Merv Pritchard, 62, retired U.S. Forest Service fire spotter, had not spoken to a single member of his ex-wife Linda’s family in 18 years, not even when her brother waved at him in the hardware store parking lot two winters back. He’d spent 37 years perched in 100-foot steel towers scattered across eastern Oregon, tracking smoke plumes through binoculars and talking to no one but the occasional raven that landed on his catwalk, and the habit of keeping people at arm’s length had stuck hard after the divorce. His one consistent indulgence was Tuesday night pool at the Greenwood Tavern, a scuffed cinder block dive on the edge of Bend that smelled like fried cheese curds, stale draft, and the faint, sweet tang of pine sap tracked in on loggers’ work boots.
The first time he saw Jolene, she was wiping down the bar with a frayed rag, Merle Haggard’s “Mama Tried” warbling low from the jukebox in the corner. She wasn’t the regular bartender, that much he noticed right away: her dark gray hair was pulled back in a messy braid, there was a pine tree tattoo peeking out from the cuff of her flannel shirt, and her nails were chipped with deep cherry polish, calloused at the edges like she spent her free time turning wrenches. She slid his usual IPA across the bar without him asking, and their fingers brushed when he reached for it, the contact warm, unplanned, lingering half a beat longer than it needed to. “Heard you order the same thing every Tuesday,” she said, grinning, and her smile had a gap between her two front teeth that made something tight in his chest loosen before he could stop it.

He shot three games of pool alone after that, his eyes drifting back to the bar every time he lined up a shot. She moved easy, laughing loud at a regular’s dumb hunting story, wiping beer foam off a guy’s flannel sleeve without even thinking about it, and when she caught him staring she didn’t look away, just raised her beer glass in a tiny toast. He was halfway through his second drink when he heard her mention Linda’s name to the bartender training her, offhand, saying she’d moved back to Bend from Phoenix to help her cousin out with her new catering business after her own husband died of a heart attack six months prior.
The beer tasted sour in his mouth all of a sudden. He’d spent almost two decades blaming Linda’s family for taking her side in the divorce, for telling her she deserved better than a guy who spent 10 months a year living in a fire tower with no cell service, for turning every family holiday into a fight until he finally walked out. He should have grabbed his jacket and left right then, should have written the whole night off as a fluke, should have kept his grudge solid as the granite boulders lining the Deschutes River. But when she walked over to his table to ask if he wanted another round, her hip brushing the edge of his chair so close he could smell the lavender of her soap under the bar grease, he couldn’t make himself say no.

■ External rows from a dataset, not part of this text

lemma unitary2_entries:
  assumes "unitary2 U"
  defines "a \<equiv> ca U" and "b \<equiv> cb U" and "c \<equiv> cc U" and "d \<equiv> cd U" and "D \<equiv> det U"
  shows "a * cnj a + b * cnj b = 1" "c = - D * cnj b" "d = D * cnj a" "D * cnj D = 1"
proof -
  have "U ** cadjoint U = mat 1" "cadjoint U ** U = mat 1"
    using assms unfolding unitary2_def by auto
  then have "(U ** cadjoint U) $ 1 $ 1 = 1" "(U ** cadjoint U) $ 2 $ 2 = 1"
    "(U ** cadjoint U) $ 1 $ 2 = 0" "(cadjoint U ** U) $ 1 $ 1 = 1"
    by (simp_all add: mat_def)
  then have h: "a * cnj a + b * cnj b = 1" "c * cnj c + d * cnj d = 1" "a * cnj c + b * cnj d = 0"
    "cnj a * a + cnj c * c = 1"
    unfolding matrix2_mult_nth cadjoint_def a_def b_def c_def d_def ca_def cb_def cc_def cd_def
    by simp_all
  have h3: "cnj a * c + cnj b * d = 0" using arg_cong[OF h(3), of cnj] by simp
  have D: "D = a * d - b * c"
    unfolding D_def a_def b_def c_def d_def ca_def cb_def cc_def cd_def by (simp add: det_2)
  show "a * cnj a + b * cnj b = 1" by (rule h(1))
  show c: "c = - D * cnj b" unfolding D using h(1) h3 by algebra
  show d: "d = D * cnj a" unfolding D using h(1,4) h3 by algebra
  have "cnj c = - cnj D * b" "cnj d = cnj D * a" using c d by simp_all
  then show "D * cnj D = 1" using h(1,2) c d by algebra
qed

lemma unitary2_norm_det: "unitary2 U \<Longrightarrow> cmod (det U) = 1"
  using unitary2_entries(4) norm_eq_1_iff_mult_cnj by blast

lemma unitary2_norm_ca_cb:
  assumes "unitary2 U"
  shows "cmod (ca U) ^ 2 + cmod (cb U) ^ 2 = 1"
proof -
  have "complex_of_real (cmod (ca U) ^ 2 + cmod (cb U) ^ 2) = 1"
    using unitary2_entries(1)[OF assms] by (simp only: of_real_add complex_norm_square)
  then show ?thesis by (simp only: of_real_eq_1_iff)
qed

lemma unitary2_norm_ca_le_1:
  assumes "unitary2 U"
  shows "cmod (ca U) \<le> 1"
proof -
  have "cmod (ca U) ^ 2 \<le> 1"
    using unitary2_norm_ca_cb[OF assms] zero_le_power2[of "cmod (cb U)"] by linarith
  then show ?thesis by (simp add: power_le_one_iff)
qed

definition signature_matrix :: "complex^2^2" where
  "signature_matrix = (\<chi> i j. if i = j then (if i = 1 then 1 else -1) else 0)"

They talked for an hour after that, the bar emptying out around them. He told her about the time he watched a meteor shower from the top of the Mt. Bachelor fire tower, how the sky lit up so bright he thought a wildfire had broken out across the whole valley. She told him she restored 1970s Ford pickup trucks in her garage, that her 9-year-old granddaughter was the state’s top youth gymnast in her age group, that she’d always thought Linda was an idiot for letting a guy who knew how to spot a smoke plume from 30 miles away get away. He reached for the bowl of peanuts on the table at the same time she did, their hands pressing together on the wood for two full seconds, and he didn’t pull away. She didn’t either.

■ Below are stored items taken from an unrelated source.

text \<open>Belief update tau. When the normalising constant P(o|b,a;theta) is zero the
  paper's formula is undefined; we then keep the belief b (convention).\<close>
definition tau :: "('s::finite \<Rightarrow> 'o \<Rightarrow> real) \<Rightarrow> ('s, 'a) kern \<Rightarrow> ('s \<Rightarrow> real) \<Rightarrow> 'a \<Rightarrow> 'o \<Rightarrow> ('s \<Rightarrow> real)" where
  "tau \<eta> \<theta> b a ob =
     (if Pobs \<eta> \<theta> b a ob = 0 then b
      else (\<lambda>s'. (\<Sum>s\<in>UNIV. \<eta> s' ob * \<theta> s a s' * b s) / Pobs \<eta> \<theta> b a ob))"

definition bellman_rhs ::
  "('s::finite \<Rightarrow> 'o::finite \<Rightarrow> real) \<Rightarrow> ('s \<Rightarrow> 'a \<Rightarrow> real) \<Rightarrow> ('s, 'a) kern
   \<Rightarrow> (('s \<Rightarrow> real) \<Rightarrow> real) \<Rightarrow> ('s \<Rightarrow> real) \<Rightarrow> 'a \<Rightarrow> real" where
  "bellman_rhs \<eta> C \<theta> v b a =
     cbar C b a + (\<Sum>ob\<in>UNIV. Pobs \<eta> \<theta> b a ob * v (tau \<eta> \<theta> b a ob))"

definition acoe_sol ::
  "('s::finite \<Rightarrow> 'o::finite \<Rightarrow> real) \<Rightarrow> ('s \<Rightarrow> 'a::finite \<Rightarrow> real) \<Rightarrow> real \<Rightarrow> ('s, 'a) kern
   \<Rightarrow> real \<Rightarrow> (('s \<Rightarrow> real) \<Rightarrow> real) \<Rightarrow> bool" where
  "acoe_sol \<eta> C H \<theta> J v \<longleftrightarrow>
     bdd_above (v ` Dist) \<and> bdd_below (v ` Dist) \<and>
     (INF b\<in>Dist. v b) = 0 \<and> (\<forall>b\<in>Dist. v b \<le> H) \<and>
     (\<forall>b\<in>Dist. J + v b = Min (range (bellman_rhs \<eta> C \<theta> v b)))"

definition Theta_H ::
  "('s::finite \<Rightarrow> 'o::finite \<Rightarrow> real) \<Rightarrow> ('s \<Rightarrow> 'a::finite \<Rightarrow> real) \<Rightarrow> real \<Rightarrow> ('s, 'a) kern set" where
  "Theta_H \<eta> C H = {\<theta>. is_kernel \<theta> \<and> (\<exists>J v. acoe_sol \<eta> C H \<theta> J v)}"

He was slinging his jacket over his shoulder at 9:45, planning to slip out before he did something stupid, when she pressed a crumpled paper bag into his hand, still warm, full of leftover cheese curds from the fryer. “Heard you live out in the woods off Skyliners Road,” she said, leaning against the bar, her shoulder inches from his, her eyes crinkling at the corners. “Figured you get tired of eating canned beans every night.” He almost told her he didn’t take handouts from Linda’s family, almost let the old bitterness win, but then he noticed the smudge of fryer grease on her left cheek, the same smudge his mom used to get when she fixed his dirt bike after school when he was 12. He took the bag, his fingers brushing hers again, and asked her if she wanted to drive out to the river with him after her shift ended to look for fireflies. She said yes before he finished the sentence.

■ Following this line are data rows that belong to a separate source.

lemma Etot_fibre_complete:
  assumes x: "x \<in> topspace X" and s: "\<forall>n. s n \<in> Etot X B \<kappa> \<and> fst (s n) = x"
    and cauchy: "\<forall>\<epsilon>>0. \<exists>N. \<forall>m\<ge>N. \<forall>n\<ge>N. Enorm (Esub sm \<kappa> (s m) (s n)) < \<epsilon>"
  shows "\<exists>e\<in>Etot X B \<kappa>. fst e = x \<and> (\<lambda>n. Enorm (Esub sm \<kappa> (s n) e)) \<longlonglongrightarrow> 0"
proof -
  have "\<forall>n. \<exists>a. a \<in> B \<and> s n = coset \<kappa> x a"
  proof
    fix n
    obtain a where "a \<in> B" "s n = coset \<kappa> (fst (s n)) a" using s by (blast elim: EtotE)
    then show "\<exists>a. a \<in> B \<and> s n = coset \<kappa> x a" using s by auto
  qed
  then obtain a where a: "\<And>n. a n \<in> B" "\<And>n. s n = coset \<kappa> x (a n)"
    using choice[of "\<lambda>n a. a \<in> B \<and> s n = coset \<kappa> x a"] by blast
  have Esub_eq: "Enorm (Esub sm \<kappa> (coset \<kappa> x u) (coset \<kappa> x w)) = infdist (u - w) (\<kappa> x)"
    if "u \<in> B" "w \<in> B" for u w
    using Esub_coset[OF x that] Enorm_coset[OF x] by simp
  have "\<forall>\<epsilon>>0. \<exists>N. \<forall>m\<ge>N. \<forall>n\<ge>N. infdist (a m - a n) (\<kappa> x) < \<epsilon>"
    using cauchy Esub_eq a by simp
  from infdist_fibre_cauchy_limit[OF x a(1) this]
  obtain b where b: "b \<in> B" "(\<lambda>n. infdist (a n - b) (\<kappa> x)) \<longlonglongrightarrow> 0" by blast
  then show ?thesis using coset_in_Etot[OF x b(1)] Esub_eq a by (intro bexI[of _ "coset \<kappa> x b"]) auto
qed

theorem banach_bundle_if_infdist_lsc:
  assumes closed_fibres: "\<forall>x\<in>topspace X. closed (\<kappa> x)"
    and lsc: "\<And>a t. a \<in> B \<Longrightarrow> openin X {y \<in> topspace X. t < infdist a (\<kappa> y)}"
  shows "banach_bundle X B sm \<kappa>"
  unfolding banach_bundle_def
proof (intro conjI ballI allI impI)
  fix x e assume "x \<in> topspace X" "e \<in> Etot X B \<kappa>" "fst e = x \<and> Enorm e = 0"
  then show "e = Ezero \<kappa> x" using Enorm_eq_0_imp_Ezero closed_fibres by blast
next
  fix x and s :: "nat \<Rightarrow> 'x \<times> 'b set"
  assume "x \<in> topspace X" "(\<forall>n. s n \<in> Etot X B \<kappa> \<and> fst (s n) = x) \<and>
    (\<forall>\<epsilon>>0. \<exists>N. \<forall>m\<ge>N. \<forall>n\<ge>N. Enorm (Esub sm \<kappa> (s m) (s n)) < \<epsilon>)"
  then show "\<exists>e\<in>Etot X B \<kappa>. fst e = x \<and> (\<lambda>n. Enorm (Esub sm \<kappa> (s n) e)) \<longlonglongrightarrow> 0"
    using Etot_fibre_complete by blast
next
  fix F x assume "x \<in> topspace X \<and> eventually (\<lambda>e. e \<in> Etot X B \<kappa>) F \<and> (Enorm \<longlongrightarrow> 0) F
    \<and> limitin X fst x F"
  then show "limitin (Etop X B \<kappa>) (\<lambda>e. e) (Ezero \<kappa> x) F" using limitin_Ezero by blast
qed (use continuous_Eadd continuous_Esmul continuous_Enorm[OF lsc] in auto)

They sat on a fallen ponderosa pine log half an hour later, the air cool off the river, the sound of frogs croaking from the reeds, no streetlights for miles. She leaned her head on his shoulder after 10 minutes, the weight of it soft, familiar, and he didn’t flinch, didn’t think about the 18 years of grudges he’d carried, didn’t think about Linda or the divorce or all the nights he’d sat alone in his cabin telling himself he was better off by himself. He pulled a cold lemon seltzer out of his truck cooler and handed it to her, his thumb brushing the back of her hand when she took it. A firefly landed on the knee of her jeans, glowing bright gold for three slow beats before it fluttered off into the dark.